Histoire de la France pour nos enfants


Le monde féodal
Le chevalier est un guerrier professionnel.

Son équipement
C’est un combattant à cheval.
Un vêtement de mailles de fer protège son corps, c’est le haubert, un capuchon de cuir enveloppe sa tête ; par-dessus il met le heaume en métal, muni d’un nasal ou recouvrant toute la tête ; un gantelet de fer protège sa main droite, des chausses métalliques protègent ses pieds. Il tient dans sa main gauche un grand bouclier, l’écu qui porte son emblème : les armoiries destinées à le faire reconnaître au combat.
Au XIIIème siècle, une housse, également à ses armoiries, le caparaçon recouvre entièrement le cheval.
Ainsi couvert de fer de la tête au pied, le chevalier est presque invulnérable.
Il faut à ses guerriers une race de chevaux robustes, les destriers, car équipement et armement arrivent à peser jusqu’à 80 kilos. Tombé à terre, le chevalier est incapable de se relever tout seul.
Pour que les cavaliers, aussi lourdement équipés puissent ainsi foncer les uns contre les autres et résister à la charge des lances adverses, ils doivent tenir solidement sur leurs chevaux.
Plusieurs innovations le leur permettent :
- ils sont assis sur une lourde selle relevée à l’avant et à l’arrière par les arçons (d’où le verbe désarçonner).
- Leurs pieds sont calés par des étriers
- Les sabots des chevaux sont ferrés.

Le seigneur consacre tout son temps à la guerre.
Son éducation commence très tôt : vers 12 ans il rentre comme page (ou damoiseau) au service d’un grand seigneur.
A quatorze ans il devient écuyer c’est-à-dire qu’il accompagne le seigneur à la guerre en portant son bouclier : l’écu.
Vers dix-huit ou vingt ans il est armé chevalier dans la cérémonie de l’adoubement, au cours de laquelle le seigneur lui remet ses armes et ses armoiries. Son épée, qu’il jure de mettre au service du bien est bénie par l’Eglise.
On remarque que l’instruction n’a pas de place dans cette éducation.
Son entrainement est permanent. La chasse et les tournois occupent les mois d’hiver et sont des simulacres de combats, le plus souvent aussi dangereux que les vrais.

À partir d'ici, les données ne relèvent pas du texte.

(* Let $f:\Omega\to\mathbb{R}$ and $\psi:\mathbb{R}^n\to\mathbb{R}$ be given, and let $v_h,w_h\in\mathbb{V}_h$ satisfy $\mathcal{G}_h[v_h](x_i)\ge\mathcal{G}_h[w_h](x_i)$ for all $x_i\in\mathcal{N}_h^0$. Then $v_h\ge w_h$ in $\Omega$.
   Context: Let $n\ge1$, $s\in(0,1)$, and let $\Omega\subset\mathbb{R}^n$ be a bounded polygonal/polyhedral Lipschitz domain satisfying the exterior ball condition, with a conforming simplicial triangulation $\mathcal{T}_h$. Let $x_1,\dots,x_N$ be the interior nodes (nodes not on $\partial\Omega$), $\mathcal{N}_h^0$ their set, $\delta_i=\mathrm{dist}(x_i,\partial\Omega)$, and $h_i$ the local mesh size at $x_i$. Let $\mathbb{V}_h=\{v\in C(\mathbb{R}^n): v|_T\text{ affine for all }T\in\mathcal{T}_h,\ v=0\text{ on }\Omega^c\}$. For each interior node $x_i$ fix $H_i>0$ (typically $H_i=h_i^{\alpha_i}\delta_i^{1-\alpha_i}$, $\alpha_i\in[0,1]$), a star-shaped domain $\Omega_i\subset\Omega$ centered at $x_i$ containing the points $x_i\pm H_ie_j$ (e.g. the cube $x_i+[-H_i,H_i]^n$) and satisfying the symmetry conditions of Han–Wu–Zhou's monotone discretization, and a constant $\kappa_{n,s,i}>0$. For $v\in\mathbb{V}_h$ define $$(-\Delta)^s_h[v](x_i):=-\kappa_{n,s,i}\frac{\Delta_{FD}v(x_i;H_i)}{H_i^{2s}}+\int_{\Omega_i^c}\frac{v(x_i)-v(y)}{|x_i-y|^{n+2s}}\,dy,\qquad \Delta_{FD}v(x_i;H_i)=\sum_{j=1}^n\big(v(x_i+H_ie_j)-2v(x_i)+v(x_i-H_ie_j)\big),$$ where $e_j$ are the coordinate unit vectors. Standing fact (discrete barrier function): the function $b_h\in\mathbb{V}_h$ with $b_h(x_i)=1$ for all interior nodes satisfies $(-\Delta)^s_h[b_h](x_i)\ge C\delta_i^{-2s}>0$ for all $x_i\in\mathcal{N}_h^0$, with $C>0$ depending only on $s$ and $\Omega$. The discrete obstacle operator is $$\mathcal{G}_h[v_h](x_i):=\min\{(-\Delta)^s_h[v_h](x_i)-f(x_i),\ v_h(x_i)-\psi(x_i)\},\quad x_i\in\mathcal{N}_h^0.$$ *)

theory Defs
  imports "HOL-Analysis.Analysis"
begin

text \<open>Bounded Lipschitz domain: locally, after a rigid motion, the region below the
  graph of a Lipschitz function of the remaining coordinates (the function g does not
  depend on coordinate k).\<close>
definition lipschitz_domain :: "(real^'n) set \<Rightarrow> bool" where
  "lipschitz_domain \<Omega> \<longleftrightarrow> open \<Omega> \<and> connected \<Omega> \<and> bounded \<Omega> \<and>
     (\<forall>z\<in>frontier \<Omega>. \<exists>r>0. \<exists>(Q::real^'n \<Rightarrow> real^'n) (k::'n) (L::real) (g::real^'n \<Rightarrow> real).
        orthogonal_transformation Q \<and> L-lipschitz_on UNIV g \<and>
        (\<forall>(y::real^'n) (t::real). g (\<chi> i. if i = k then t else y $ i) = g y) \<and>
        (\<forall>x\<in>ball z r. x \<in> \<Omega> \<longleftrightarrow> (Q (x - z)) $ k < g (Q (x - z))))"
definition filling_invariant :: "nat list \<Rightarrow> letter list \<Rightarrow> nat list list \<Rightarrow> bool" where
  "filling_invariant k w T \<longleftrightarrow>
     (\<forall>j<length k. T ! j \<noteq> [] \<longleftrightarrow> j < length (filter is_S w)) \<and>
     (\<forall>j<length k. length (T ! j) \<le> Suc (k ! j)) \<and>
     int (\<Sum>j<length (filter is_S w). length (T ! j)) + rank_of k w
       = int (\<Sum>j<length (filter is_S w). Suc (k ! j))"

lemma sum_lessThan_list_update:
  fixes f :: "'a \<Rightarrow> 'b::comm_monoid_add"
  assumes "j < s" and "s \<le> length T"
  shows "(\<Sum>i<s. f (T[j := v] ! i)) + f (T ! j) = (\<Sum>i<s. f (T ! i)) + f v"
proof -
  have "(\<Sum>i<s. f (T[j := v] ! i)) = f v + (\<Sum>i\<in>{..<s} - {j}. f (T[j := v] ! i))"
    using assms by (subst sum.remove[of _ j]) auto
  moreover have "(\<Sum>i<s. f (T ! i)) = f (T ! j) + (\<Sum>i\<in>{..<s} - {j}. f (T ! i))"
    using assms by (subst sum.remove[of _ j]) auto
  moreover have "(\<Sum>i\<in>{..<s} - {j}. f (T[j := v] ! i)) = (\<Sum>i\<in>{..<s} - {j}. f (T ! i))"
    by (rule sum.cong) auto
  ultimately show ?thesis by (simp add: ac_simps)
qed

lemma filling_invariant_single:
  assumes "0 < length k"
  shows "filling_invariant k [S 0] ((replicate (length k) [])[0 := [1]])"
  using assms by (auto simp: filling_invariant_def is_S_def nth_list_update Suc_le_eq)
definition rho :: real where "rho = 1 - gap / 32"

lemma rho_pos: "0 < rho" and rho_less_1: "rho < 1"
  using gap_pos gap_le_1 unfolding rho_def by auto

text \<open>The frame of \<open>v\<close> is a disk isometry sending \<open>v\<close> to \<open>0\<close> and its parent onto the negative
  real axis; in the frame of its parent, \<open>v\<close> lies at \<open>rho * cis (ang v)\<close>.\<close>

primrec frame_iter :: "nat \<Rightarrow> 'a \<Rightarrow> (complex \<Rightarrow> complex) \<times> (complex \<Rightarrow> complex)" where
  "frame_iter 0 v = (id, id)"
| "frame_iter (Suc n) v =
     ((\<lambda>z. cis (- ang v) * moeb (of_real rho * cis (ang v)) (fst (frame_iter n (par v)) z)),
      (\<lambda>w. snd (frame_iter n (par v)) (moeb (- (of_real rho * cis (ang v))) (cis (ang v) * w))))"

definition frame :: "'a \<Rightarrow> complex \<Rightarrow> complex" where "frame v = fst (frame_iter (depth v) v)"

definition unframe :: "'a \<Rightarrow> complex \<Rightarrow> complex" where "unframe v = snd (frame_iter (depth v) v)"

lemma disk_automorphism_frame_iter: "disk_automorphism (fst (frame_iter n v)) (snd (frame_iter n v))"
proof (induction n arbitrary: v)
  case 0 show ?case using disk_automorphism_id by (simp add: id_def)
next
  case (Suc n)
  have "cmod (of_real rho * cis (ang v)) < 1" using rho_pos rho_less_1 by (simp add: norm_mult)
  from disk_automorphism_compose[OF Suc.IH this, of "cis (- ang v)"]
  show ?case by (simp add: cis_cnj)
qed

lemma disk_automorphism_frame: "disk_automorphism (frame v) (unframe v)"
  unfolding frame_def unframe_def by (rule disk_automorphism_frame_iter)

lemma frame_root: "frame r = id" "unframe r = id"
  unfolding frame_def unframe_def depth_root by simp_all

lemma frame_parent:
  assumes "v \<in> V" "v \<noteq> r"
  shows "frame v = (\<lambda>z. cis (- ang v) * moeb (of_real rho * cis (ang v)) (frame (par v) z))"
    and "unframe v = (\<lambda>w. unframe (par v) (moeb (- (of_real rho * cis (ang v))) (cis (ang v) * w)))"
  unfolding frame_def unframe_def depth_parent[OF assms] by simp_all

definition anchor :: "'a \<Rightarrow> complex" where
  "anchor v = of_real (if leaf v then 1 else rho) * cis (ang v)"

definition pos :: "'a \<Rightarrow> complex" where
  "pos v = (if v = r then (if leaf r then 1 else 0) else unframe (par v) (anchor v))"

text \<open>Direction of the edge from \<open>u\<close> to its neighbour \<open>n\<close>, as seen in the frame of \<open>u\<close>.\<close>

definition nbr_dir :: "'a \<Rightarrow> 'a \<Rightarrow> complex" where
  "nbr_dir u n = (if n \<in> children V par r u then cis (ang n) else -1)"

Un état de guerre permanent
Le danger des invasions passé, la guerre est restée l’occupation constante des seigneurs.
A côté de la guerre nationale faite à l’appel du roi, les seigneurs se livrent bataille entre eux pour défendre leurs intérêts personnels : le plus souvent à propos de la possession d’une terre.
On défonce les murs des châteaux avec des grosses poutres, les bêliers ou d’énormes lance-pierres, les catapultes.
On pille les champs et les villages de l’ennemi, on brûle les récoltes, on coupe des arbres fruitiers, pour le priver de ressources.
Pour chaque engagement, on réunit une petite troupe d’une trentaine de chevaliers, qui parfaitement alignés chargent ensemble la ligne adverse au galop des lourds destriers.
On ne cherche pas forcément à tuer son adversaire ; on chercher plutôt à le faire prisonnier afin, non seulement de se procurer un riche butin (ses armes, ses chevaux), mais encore d’en tirer une bonne rançon.
Ces guerres occasionnent donc des dégâts considérables.